WHAT YOU SHOULD DO: Reproduce exactly, from the data that follows, the line with "at distance \<open>E|N", the line with "turn the two", and every line that lies between them.

EXTRACTED ENTRIES:
(* Let $\{\mathscr E_1,\dots,\mathscr E_{\mathfrak n},\Delta\}$, $\mathfrak n\ge2$, be a partition of $E$ not depending on $N$, and $\alpha_N,\theta_N$ positive sequences with $\alpha_N/\theta_N\to0$, such that (H1) and (H2) hold with $(a_N,b_N)=(\alpha_N,\theta_N)$. Then for every $x$ such that $\mathscr E_x$ is not a singleton and all $\eta\neq\xi\in\mathscr E_x$, $$\lim_{N\to\infty}\frac{\mathrm{Cap}_N(\mathscr E_x,\breve{\mathscr E}_x)}{\mathrm{Cap}_N(\eta,\xi)}=0,\qquad \breve{\mathscr E}_x=\bigcup_{y\ne x}\mathscr E_y.$$
   Context: Setting: $E$ is a fixed finite set. For each $N\ge1$, $(\eta^N_t)_{t\ge0}$ is a continuous-time irreducible Markov chain on $E$ with jump rates $R_N(\eta,\xi)$, holding rates $\lambda_N(\eta)=\sum_{\xi\neq\eta}R_N(\eta,\xi)$ and unique invariant probability measure $\mu_N$; $\mathbb P_\eta$ denotes the law started at $\eta$. For $A\subset E$, $H_A=\inf\{t>0:\eta^N_t\in A\}$, $H^+_A=\inf\{t>\tau_1:\eta^N_t\in A\}$, $\tau_1$ the first jump time. For disjoint nonempty $A,B$, $\mathrm{Cap}_N(A,B)=\sum_{\eta\in A}\mu_N(\eta)\lambda_N(\eta)\mathbb P_\eta[H_B<H^+_A]$, $\mathrm{Cap}_N(\eta,\xi)=\mathrm{Cap}_N(\{\eta\},\{\xi\})$. For nonempty $F\subset E$ the trace on $F$ is $\eta^F_t=\eta^N_{S_F(t)}$, $S_F(t)=\sup\{s:\int_0^s\mathbf 1\{\eta^N_r\in F\}dr\le t\}$, an irreducible Markov chain on $F$ with jump rates $R^F_N$. Conditions: with $\mathscr E=\bigcup_x\mathscr E_x$ and $r^{\mathscr E}_N(\mathscr E_x,\mathscr E_y)=\mu_N(\mathscr E_x)^{-1}\sum_{\eta\in\mathscr E_x}\mu_N(\eta)\sum_{\xi\in\mathscr E_y}R^{\mathscr E}_N(\eta,\xi)$, (H1) for all $x\neq y$, $r_{\mathscr E}(x,y):=\lim_N b_Nr^{\mathscr E}_N(\mathscr E_x,\mathscr E_y)$ exists in $[0,\infty)$ and $\sum_x\sum_{y\ne x}r_{\mathscr E}(x,y)>0$; (H2) for each $x$ with $|\mathscr E_x|\ge2$ and $\eta\ne\xi\in\mathscr E_x$, $\liminf_N a_N\mathrm{Cap}_N(\eta,\xi)/\mu_N(\mathscr E_x)>0$. *)

theory Defs
  imports "HOL-Analysis.Analysis"
begin
lemma mu_double_le: "mu (2 * k) \<le> C ^ 3 * mu k"
proof (cases "k = 0")
  case True
  then show ?thesis using C_ge_1 by (simp add: mu_0)
next
  case False
  have "Mseq mu (2 * k) * mu (2 * k) ^ k \<le> Mseq mu (2 * k + k)" by (rule Mseq_add_ge_power)
  also have "\<dots> \<le> C ^ (2 * k + k) * Mseq mu (2 * k) * Mseq mu k" by (rule Mseq_add_le)
  also have "\<dots> \<le> C ^ (2 * k + k) * Mseq mu (2 * k) * mu k ^ k"
    using Mseq_le_mu_power[of k] Mseq_pos[of "2 * k"] C_ge_1 by (intro mult_left_mono) auto
  also have "\<dots> = Mseq mu (2 * k) * (C ^ 3 * mu k) ^ k"
    by (simp add: power_add power_mult_distrib numeral_3_eq_3)
  finally have "Mseq mu (2 * k) * mu (2 * k) ^ k \<le> Mseq mu (2 * k) * (C ^ 3 * mu k) ^ k" .
  then have "mu (2 * k) ^ k \<le> (C ^ 3 * mu k) ^ k"
    using Mseq_pos[of "2 * k"] by simp
  moreover have "0 \<le> mu (2 * k)" "0 \<le> C ^ 3 * mu k"
    using mu_pos[of "2 * k"] mu_pos[of k] C_ge_1 by auto
  ultimately show ?thesis
    using False power_mono_iff by blast
qed

lemma mu_le_exponential:
  assumes h: "h > 1"
  obtains B where "B \<ge> 1" "\<And>k. mu k \<le> B * h ^ k"
proof -
  obtain K0 where K0: "C ^ 3 < h ^ K0" using real_arch_pow[OF h] by blast
  define K where "K = Suc K0"
  have "h ^ K0 \<le> h ^ K" unfolding K_def using h by (intro power_increasing) auto
  then have K: "C ^ 3 < h ^ K" "K \<ge> 1" using K0 unfolding K_def by auto
  define B where "B = mu (2 * K)"
  have B: "B \<ge> 1" unfolding B_def by (rule mu_ge_1)
  have "mu k \<le> B * h ^ k" for k
  proof (induction k rule: less_induct)
    case (less k)
    show ?case
    proof (cases "k \<le> 2 * K")
      case True
      have "mu k \<le> B" unfolding B_def using True mono_mu by (simp add: monoD)
      also have "\<dots> \<le> B * h ^ k" using B h by simp
      finally show ?thesis .
    next
      case False
      define m where "m = (k + 1) div 2"
      have m: "m < k" "k \<le> 2 * m" "K + m \<le> k" using False K(2) unfolding m_def by presburger+
      have "mu k \<le> mu (2 * m)" using m mono_mu by (simp add: monoD)
      also have "\<dots> \<le> C ^ 3 * mu m" by (rule mu_double_le)
      also have "\<dots> \<le> h ^ K * (B * h ^ m)"
        using K(1) less[OF m(1)] mu_pos[of m] C_ge_1 h by (intro mult_mono) auto
      also have "\<dots> = B * h ^ (K + m)" by (simp add: power_add)
      also have "\<dots> \<le> B * h ^ k" using m h B by (intro mult_left_mono power_increasing) auto
      finally show ?thesis .
    qed
  qed
  then show ?thesis using B that by blast
qed
lemma assoc [simp]: "a \<in> S \<Longrightarrow> b \<in> S \<Longrightarrow> c \<in> S \<Longrightarrow> a \<cdot> b \<cdot> c = a \<cdot> (b \<cdot> c)"
  using semigroup unfolding semigroup_on_def by blast

lemma inverses_iff: "b \<in> inverses S m a \<longleftrightarrow> b \<in> S \<and> a \<cdot> b \<cdot> a = a \<and> b \<cdot> a \<cdot> b = b"
  unfolding inverses_def by blast

lemma inverse_exists: "a \<in> S \<Longrightarrow> \<exists>b. b \<in> inverses S m a"
  using regular unfolding regular_sg_def by blast

lemma inverses_sym: "a \<in> S \<Longrightarrow> b \<in> inverses S m a \<Longrightarrow> a \<in> inverses S m b"
  unfolding inverses_def by blast

lemma right_unit_exists: "a \<in> S \<Longrightarrow> \<exists>s\<in>S. a = a \<cdot> s"
  using inverse_exists unfolding inverses_iff by (metis assoc closed)

lemma left_unit_exists: "a \<in> S \<Longrightarrow> \<exists>s\<in>S. a = s \<cdot> a"
  using inverse_exists unfolding inverses_iff by (metis closed)

text \<open>The preorders are defined without adjoining an identity (\<open>a \<in> b S\<close> rather than
  \<open>a \<in> b S\<^sup>1\<close>); by regularity this makes no difference, as \<open>b \<in> b S \<inter> S b\<close>.\<close>

definition R_le :: "'a \<Rightarrow> 'a \<Rightarrow> bool" where "R_le a b \<longleftrightarrow> (\<exists>s\<in>S. a = b \<cdot> s)"
definition L_le :: "'a \<Rightarrow> 'a \<Rightarrow> bool" where "L_le a b \<longleftrightarrow> (\<exists>s\<in>S. a = s \<cdot> b)"
definition J_le :: "'a \<Rightarrow> 'a \<Rightarrow> bool" where "J_le a b \<longleftrightarrow> (\<exists>u\<in>S. \<exists>v\<in>S. a = u \<cdot> b \<cdot> v)"
definition R_rel :: "'a \<Rightarrow> 'a \<Rightarrow> bool" where "R_rel a b \<longleftrightarrow> R_le a b \<and> R_le b a"
definition L_rel :: "'a \<Rightarrow> 'a \<Rightarrow> bool" where "L_rel a b \<longleftrightarrow> L_le a b \<and> L_le b a"
definition H_rel :: "'a \<Rightarrow> 'a \<Rightarrow> bool" where "H_rel a b \<longleftrightarrow> R_rel a b \<and> L_rel a b"
definition J_class :: "'a \<Rightarrow> 'a set" where "J_class c = {b \<in> S. J_le b c \<and> J_le c b}"
definition Ham :: "('m::finite \<Rightarrow> 'k::finite \<Rightarrow> 'x::finite \<Rightarrow> real) \<Rightarrow> real^'m \<Rightarrow> real" where
  "Ham \<nu> p = (INF Q\<in>{Q :: 'k \<Rightarrow> 'x \<Rightarrow> real. \<forall>a. Q a \<in> prob_simplex}.
                SUP w\<in>(prob_simplex :: ('k \<Rightarrow> real) set).
                  (\<Sum>i\<in>UNIV. \<Sum>a\<in>UNIV. w a * KL (Q a) (\<nu> i a) * p $ i))"

definition gfun :: "real^'m::finite \<Rightarrow> real" where
  "gfun x = Max (range (\<lambda>j. Min {x $ i | i. i \<noteq> j}))"

definition cube :: "real \<Rightarrow> real \<Rightarrow> (real^'m::finite) set" where
  "cube a b = {x. \<forall>i. a \<le> x $ i \<and> x $ i \<le> b}"

definition dinf :: "real^'m::finite \<Rightarrow> (real^'m) set \<Rightarrow> real" where
  "dinf x S = Inf ((\<lambda>y. infnorm (x - y)) ` S)"

definition gprime :: "real \<Rightarrow> real^'m::finite \<Rightarrow> real" where
  "gprime c x = (if x \<in> cube (-c/2) (3*c/2)
     then gfun (closest_point (cube 0 c) x) * (1 - 2 * dinf x (cube 0 c) / c)
     else 0)"

definition C1_test :: "((real^'m::finite) \<times> real \<Rightarrow> real) \<Rightarrow> ((real^'m) \<times> real \<Rightarrow> real^'m)
    \<Rightarrow> ((real^'m) \<times> real \<Rightarrow> real) \<Rightarrow> bool" where
  "C1_test \<phi> Dx Dt \<longleftrightarrow>
     (\<forall>z. (\<phi> has_derivative (\<lambda>(h, s). Dx z \<bullet> h + Dt z * s)) (at z))
     \<and> continuous_on UNIV Dx \<and> continuous_on UNIV Dt"
text \<open>
  \<open>TP(\<mu>\<^sub>i, \<sigma>\<^sub>i\<^sup>2)\<close> is \<open>Po(l\<^sub>i)\<close> translated by \<open>\<gamma>\<^sub>i\<close>, with \<open>\<sigma>\<^sub>i\<^sup>2 \<le> l\<^sub>i < \<sigma>\<^sub>i\<^sup>2 + 1\<close>. Removing the
  common translation \<open>\<gamma>\<^sub>1\<close>, we compare \<open>Po(l\<^sub>1)\<close> with \<open>Po(l\<^sub>2)\<close> translated by \<open>k = \<gamma>\<^sub>2 - \<gamma>\<^sub>1 \<ge> 0\<close>,
  where \<open>l\<^sub>1 + d = l\<^sub>2 + k\<close> for \<open>d = \<mu>\<^sub>2 - \<mu>\<^sub>1\<close>, and pass through \<open>Po(l\<^sub>1 + d)\<close>.
  Changing the rate by \<open>|d|\<close> costs at most \<open>|d| / \<surd>l\<close>: write the larger Poisson law as a
  mixture of translates of the smaller one, and note that a unit translate of \<open>Po(a)\<close> is
  at distance \<open>E|N - a| / a \<le> 1/\<surd>a\<close> by Cauchy--Schwarz.
  Comparing \<open>Po(\<lambda>)\<close> with \<open>Po(\<lambda> - k)\<close> translated by \<open>k\<close> costs at most \<open>2k/\<lambda>\<close>: the
  translated law satisfies the Poisson Stein identity up to an error \<open>k \<Delta>g\<close>, and the
  increments of the solution \<open>g\<close> of the Stein equation for an indicator are bounded by
  \<open>1/\<lambda>\<close>. Elementary inequalities, together with the trivial bound 2, turn the two
  estimates into the stated one.
\<close>

definition poisson_mass :: "real \<Rightarrow> nat \<Rightarrow> real" where
  "poisson_mass a n = exp (- a) * a ^ n / fact n"

lemma poisson_mass_nonneg: "a \<ge> 0 \<Longrightarrow> poisson_mass a n \<ge> 0"
  by (simp add: poisson_mass_def)

lemma poisson_mass_pos: "a > 0 \<Longrightarrow> poisson_mass a n > 0"
  by (simp add: poisson_mass_def)

lemma poisson_mass_Suc: "poisson_mass a (Suc n) = poisson_mass a n * a / real (Suc n)"
  by (simp add: poisson_mass_def field_simps)

lemma poisson_mass_Suc_mult: "real (Suc n) * poisson_mass a (Suc n) = a * poisson_mass a n"
  unfolding poisson_mass_Suc by (simp add: field_simps del: of_nat_Suc)

lemma poisson_pmf_int_of_nat: "poisson_pmf_int a (int n) = poisson_mass a n"
  by (simp add: poisson_pmf_int_def poisson_mass_def)

lemma poisson_pmf_int_neg: "i < 0 \<Longrightarrow> poisson_pmf_int a i = 0"
  by (simp add: poisson_pmf_int_def)

lemma poisson_pmf_int_nonneg: "a \<ge> 0 \<Longrightarrow> poisson_pmf_int a i \<ge> 0"
  by (simp add: poisson_pmf_int_def)

lemma sums_poisson_mass: "poisson_mass a sums 1"
proof -
  have "(\<lambda>n. a ^ n / fact n) sums exp a"
    using exp_converges[of a] by (simp add: divide_inverse scaleR_conv_of_real mult.commute)
  then have "(\<lambda>n. exp (- a) * (a ^ n / fact n)) sums (exp (- a) * exp a)"
    by (rule sums_mult)
  moreover have "poisson_mass a = (\<lambda>n. exp (- a) * (a ^ n / fact n))"
    by (simp add: poisson_mass_def fun_eq_iff)
  ultimately show ?thesis by (simp add: exp_minus)
qed

lemma sums_poisson_mean: "(\<lambda>n. real n * poisson_mass a n) sums a"
proof -
  have "(\<lambda>n. real (Suc n) * poisson_mass a (Suc n)) sums (a * 1)"
    unfolding poisson_mass_Suc_mult by (rule sums_mult[OF sums_poisson_mass])
  then show ?thesis by (subst (asm) sums_Suc_iff) simp
qed

lemma sums_poisson_second_moment: "(\<lambda>n. (real n)\<^sup>2 * poisson_mass a n) sums (a * (a + 1))"
proof -
  have "(\<lambda>n. a * (real n * poisson_mass a n + poisson_mass a n)) sums (a * (a + 1))"
    by (intro sums_mult sums_add sums_poisson_mean sums_poisson_mass)
  moreover have "a * (real n * poisson_mass a n + poisson_mass a n)
      = (real (Suc n))\<^sup>2 * poisson_mass a (Suc n)" for n
  proof -
    have "(real (Suc n))\<^sup>2 * poisson_mass a (Suc n)
        = real (Suc n) * (real (Suc n) * poisson_mass a (Suc n))"
      by (simp add: power2_eq_square)
    also have "\<dots> = real (Suc n) * (a * poisson_mass a n)"
      by (simp only: poisson_mass_Suc_mult)
    finally show ?thesis by (simp add: algebra_simps)
  qed
  ultimately have "(\<lambda>n. (real (Suc n))\<^sup>2 * poisson_mass a (Suc n)) sums (a * (a + 1))"
    by simp
  then show ?thesis by (subst (asm) sums_Suc_iff) simp
qed

lemma sums_poisson_variance: "(\<lambda>n. poisson_mass a n * (real n - a)\<^sup>2) sums a"
proof -
  have "(\<lambda>n. (real n)\<^sup>2 * poisson_mass a n - 2 * a * (real n * poisson_mass a n)
              + a\<^sup>2 * poisson_mass a n) sums (a * (a + 1) - 2 * a * a + a\<^sup>2 * 1)"
    by (intro sums_add sums_diff sums_mult sums_poisson_second_moment sums_poisson_mean
        sums_poisson_mass)
  then show ?thesis by (simp add: power2_eq_square algebra_simps)
qed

RESULT FOR THIS EXERCISE:
  at distance \<open>E|N - a| / a \<le> 1/\<surd>a\<close> by Cauchy--Schwarz.
  Comparing \<open>Po(\<lambda>)\<close> with \<open>Po(\<lambda> - k)\<close> translated by \<open>k\<close> costs at most \<open>2k/\<lambda>\<close>: the
  translated law satisfies the Poisson Stein identity up to an error \<open>k \<Delta>g\<close>, and the
  increments of the solution \<open>g\<close> of the Stein equation for an indicator are bounded by
  \<open>1/\<lambda>\<close>. Elementary inequalities, together with the trivial bound 2, turn the two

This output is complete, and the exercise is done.